## Required work
Which lines below include "lemma"? Copy them all.

## Information supplied
lemma card_cycle_homs:
  assumes "finite V" and "0 < t"
  shows "card (cycle_homs t V E) = (\<Sum>v\<in>V. walk_count V E t v v)"
proof -
  have "card (cycle_homs t V E) = card (\<Union>v\<in>V. walks V E t v v)"
    unfolding cycle_homs_eq_restrict_closed_walks[OF assms(2)]
    by (rule card_image[OF inj_on_restrict_closed_walks[OF assms(2)]])
  also have "\<dots> = (\<Sum>v\<in>V. card (walks V E t v v))"
    by (rule card_UN_disjoint) (auto simp: assms(1) finite_walks, auto simp: walks_def)
  also have "\<dots> = (\<Sum>v\<in>V. walk_count V E t v v)"
    by (rule sum.cong) (auto simp: card_walks assms(1))
  finally show ?thesis .
qed

definition cycle_arc :: "nat \<Rightarrow> nat \<Rightarrow> nat \<Rightarrow> (nat \<Rightarrow> 'a) \<Rightarrow> nat \<Rightarrow> 'a" where
  "cycle_arc t i l f = (\<lambda>m. if m \<le> l then f ((i + m) mod t) else undefined)"

lemma cycle_arc_in_walks:
  assumes f: "f \<in> cycle_homs t V E" and "i < t"
  shows "cycle_arc t i l f \<in> walks V E l (f i) (f ((i + l) mod t))"
proof -
  have t: "0 < t" using assms(2) by simp
  have "E (f ((i + m) mod t)) (f ((i + Suc m) mod t))" for m
  proof -
    have "E (f ((i + m) mod t)) (f (Suc ((i + m) mod t) mod t))"
      using f t unfolding cycle_homs_def by simp
    then show ?thesis by (simp add: mod_Suc_eq)
  qed
  then show ?thesis
    using f t \<open>i < t\<close> unfolding walks_def cycle_arc_def cycle_homs_def
    by (auto simp: PiE_def extensional_def Pi_def)
qed

lemma cycle_arcs_determine_cycle_hom:
  assumes f: "f \<in> cycle_homs t V E" and f': "f' \<in> cycle_homs t V E" and "i < t" and "k \<le> t"
    and arc1: "cycle_arc t i k f = cycle_arc t i k f'"
    and arc2: "cycle_arc t (i + k) (t - k) f = cycle_arc t (i + k) (t - k) f'"
  shows "f = f'"
proof
  fix j
  show "f j = f' j"
  proof (cases "j < t")
    case False
    then show ?thesis using f f' unfolding cycle_homs_def by (auto simp: PiE_def extensional_def)
  next
    case True
    define m where "m = (j + t - i) mod t"
    have "(i + m) mod t = (i + (j + t - i)) mod t" unfolding m_def by (rule mod_add_right_eq)
    also have "\<dots> = j" using True \<open>i < t\<close> by simp
    finally have j: "j = (i + m) mod t" by simp
    show ?thesis
    proof (cases "m \<le> k")
      case True
      then show ?thesis using fun_cong[OF arc1, of m] j by (simp add: cycle_arc_def)
    next
      case False
      have "m < t" using \<open>j < t\<close> unfolding m_def by simp
      then have "m - k \<le> t - k" and "(i + k + (m - k)) mod t = j" using False j by auto
      then show ?thesis using fun_cong[OF arc2, of "m - k"] by (simp add: cycle_arc_def)
    qed
  qed
qed

lemma card_cycle_homs_repeat_le:
  assumes "finite V" and "i + k < t"
  shows "card {f \<in> cycle_homs t V E. f i = f (i + k)}
         \<le> (\<Sum>v\<in>V. walk_count V E k v v * walk_count V E (t - k) v v)"
proof -
  let ?B = "{f \<in> cycle_homs t V E. f i = f (i + k)}"
  let ?S = "Sigma V (\<lambda>v. walks V E k v v \<times> walks V E (t - k) v v)"
  let ?\<mu> = "\<lambda>f. (f i, cycle_arc t i k f, cycle_arc t (i + k) (t - k) f)"
  have into: "?\<mu> ` ?B \<subseteq> ?S"
  proof (rule image_subsetI)
    fix f assume "f \<in> ?B"
    then have f: "f \<in> cycle_homs t V E" and rep: "f i = f (i + k)" by auto
    have "(i + k + (t - k)) mod t = i" using assms(2) by (simp add: add.commute)
    then show "?\<mu> f \<in> ?S"
      using cycle_arc_in_walks[OF f, of i k] cycle_arc_in_walks[OF f, of "i + k" "t - k"]
        f rep assms(2) unfolding cycle_homs_def by (auto simp: Pi_def)
  qed
  have inj: "inj_on ?\<mu> ?B"
  proof (rule inj_onI)
    fix f f' assume "f \<in> ?B" "f' \<in> ?B" and eq: "?\<mu> f = ?\<mu> f'"
    then show "f = f'"
      using cycle_arcs_determine_cycle_hom[of f t V E f' i k] assms(2) by simp
  qed
  have "card ?B \<le> card ?S"
    using card_inj_on_le[OF inj into] assms(1) by (simp add: finite_walks)
  also have "card ?S = (\<Sum>v\<in>V. card (walks V E k v v) * card (walks V E (t - k) v v))"
    using assms(1) by (simp add: finite_walks card_cartesian_product)
  also have "\<dots> = (\<Sum>v\<in>V. walk_count V E k v v * walk_count V E (t - k) v v)"
    by (rule sum.cong) (auto simp: card_walks assms(1))
  finally show ?thesis .
qed

lemma non_inj_cycle_hom_repeat:
  assumes irr: "\<forall>y\<in>V. \<not> E y y" and f: "f \<in> cycle_homs t V E" and ni: "\<not> inj_on f {0..<t}"
  obtains i k where "k \<in> {2..t-2}" and "i + k < t" and "f i = f (i + k)"
proof -
  have fE: "\<And>j. j < t \<Longrightarrow> E (f j) (f (Suc j mod t))" and fV: "\<And>j. j < t \<Longrightarrow> f j \<in> V"
    using f unfolding cycle_homs_def by auto
  obtain a b where ab: "a < b" "b < t" "f a = f b"
    using ni unfolding inj_on_def by (metis atLeastLessThan_iff linorder_neqE_nat)
  have "b \<noteq> Suc a"
  proof
    assume "b = Suc a"
    then have "E (f a) (f a)" using fE[of a] ab by simp
    then show False using irr fV ab by auto
  qed
  moreover have "\<not> (a = 0 \<and> b = t - 1)"
  proof
    assume h: "a = 0 \<and> b = t - 1"
    then have "Suc b mod t = a" using ab by simp
    then have "E (f b) (f b)" using fE[of b] ab by simp
    then show False using irr fV ab by auto
  qed
  ultimately have "b - a \<in> {2..t-2}" using ab by auto
  then show ?thesis using that[of "b - a" a] ab by auto
qed

lemma card_non_inj_cycle_homs_le:
  assumes fin: "finite V" and irr: "\<forall>y\<in>V. \<not> E y y"
  shows "card {f \<in> cycle_homs t V E. \<not> inj_on f {0..<t}}
     \<le> t * (\<Sum>k\<in>{2..t-2}. \<Sum>v\<in>V. walk_count V E k v v * walk_count V E (t - k) v v)"
proof -
  define B where "B = (\<lambda>i k. {f \<in> cycle_homs t V E. i + k < t \<and> f i = f (i + k)})"
  have "{f \<in> cycle_homs t V E. \<not> inj_on f {0..<t}} \<subseteq> (\<Union>i\<in>{0..<t}. \<Union>k\<in>{2..t-2}. B i k)"
  proof clarify
    fix f assume f: "f \<in> cycle_homs t V E" and "\<not> inj_on f {0..<t}"
    then obtain i k where "k \<in> {2..t-2}" "i + k < t" "f i = f (i + k)"
      using non_inj_cycle_hom_repeat[of V E f t] irr by blast
    then show "f \<in> (\<Union>i\<in>{0..<t}. \<Union>k\<in>{2..t-2}. B i k)"
      using f unfolding B_def by force
  qed
  then have "card {f \<in> cycle_homs t V E. \<not> inj_on f {0..<t}}
      \<le> card (\<Union>i\<in>{0..<t}. \<Union>k\<in>{2..t-2}. B i k)"
    by (rule card_mono[rotated]) (auto intro: finite_subset[OF _ finite_cycle_homs[OF fin]] simp: B_def)
  also have "\<dots> \<le> (\<Sum>i\<in>{0..<t}. \<Sum>k\<in>{2..t-2}. card (B i k))"
    by (rule order_trans[OF card_UN_le sum_mono]) (simp_all add: card_UN_le)
  also have "\<dots> \<le> (\<Sum>i\<in>{0..<t}. \<Sum>k\<in>{2..t-2}. \<Sum>v\<in>V. walk_count V E k v v * walk_count V E (t - k) v v)"
  proof (intro sum_mono)
    fix i k
    show "card (B i k) \<le> (\<Sum>v\<in>V. walk_count V E k v v * walk_count V E (t - k) v v)"
    proof (cases "i + k < t")
      case True
      then show ?thesis using card_cycle_homs_repeat_le[OF fin True] by (simp add: B_def)
    qed (simp add: B_def)
  qed
  finally show ?thesis by simp
qed

definition graph_aut :: "'a set \<Rightarrow> ('a \<Rightarrow> 'a \<Rightarrow> bool) \<Rightarrow> ('a \<Rightarrow> 'a) \<Rightarrow> bool" where
  "graph_aut V E \<sigma> \<longleftrightarrow> bij_betw \<sigma> V V \<and> (\<forall>a\<in>V. \<forall>b\<in>V. E (\<sigma> a) (\<sigma> b) = E a b)"

definition vertex_transitive :: "'a set \<Rightarrow> ('a \<Rightarrow> 'a \<Rightarrow> bool) \<Rightarrow> bool" where
  "vertex_transitive V E \<longleftrightarrow> (\<forall>x\<in>V. \<forall>y\<in>V. \<exists>\<sigma>. graph_aut V E \<sigma> \<and> \<sigma> x = y)"

lemma nbrs_graph_aut:
  assumes "graph_aut V E \<sigma>" and "v \<in> V"
  shows "nbrs V E (\<sigma> v) = \<sigma> ` nbrs V E v"
proof -
  have "\<sigma> ` V = V" and pres: "\<forall>a\<in>V. \<forall>b\<in>V. E (\<sigma> a) (\<sigma> b) = E a b"
    using assms(1) by (auto simp: graph_aut_def bij_betw_def)
  then show ?thesis using assms(2) unfolding nbrs_def by force
qed

lemma card_nbrs_graph_aut:
  assumes "graph_aut V E \<sigma>" and "v \<in> V"
  shows "card (nbrs V E (\<sigma> v)) = card (nbrs V E v)"
proof -
  have "inj_on \<sigma> (nbrs V E v)"
    using assms(1) by (auto simp: graph_aut_def bij_betw_def nbrs_def intro: inj_on_subset)
  then show ?thesis by (simp add: nbrs_graph_aut[OF assms] card_image)
qed

lemma walk_count_graph_aut:
  assumes aut: "graph_aut V E \<sigma>" and "v \<in> V" and "w \<in> V"
  shows "walk_count V E k (\<sigma> v) (\<sigma> w) = walk_count V E k v w"
  using \<open>v \<in> V\<close>
proof (induction k arbitrary: v)
  case 0
  have "inj_on \<sigma> V" using aut by (simp add: graph_aut_def bij_betw_def)
  then show ?case using 0 \<open>w \<in> V\<close> by (auto simp: inj_on_def)
next
  case (Suc k)
  have inj: "inj_on \<sigma> (nbrs V E v)"
    using aut by (auto simp: graph_aut_def bij_betw_def nbrs_def intro: inj_on_subset)
  have "walk_count V E (Suc k) (\<sigma> v) (\<sigma> w) = (\<Sum>z\<in>nbrs V E v. walk_count V E k (\<sigma> z) (\<sigma> w))"
    by (simp add: nbrs_graph_aut[OF aut Suc.prems] sum.reindex[OF inj])
  also have "\<dots> = (\<Sum>z\<in>nbrs V E v. walk_count V E k z w)"
    by (rule sum.cong) (auto simp: nbrs_def Suc.IH)
  finally show ?case by simp
qed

## Answer to this exercise
lemma card_cycle_homs:
lemma cycle_arc_in_walks:
lemma cycle_arcs_determine_cycle_hom:
lemma card_cycle_homs_repeat_le:
lemma non_inj_cycle_hom_repeat:
lemma card_non_inj_cycle_homs_le:
lemma nbrs_graph_aut:
lemma card_nbrs_graph_aut:
lemma walk_count_graph_aut:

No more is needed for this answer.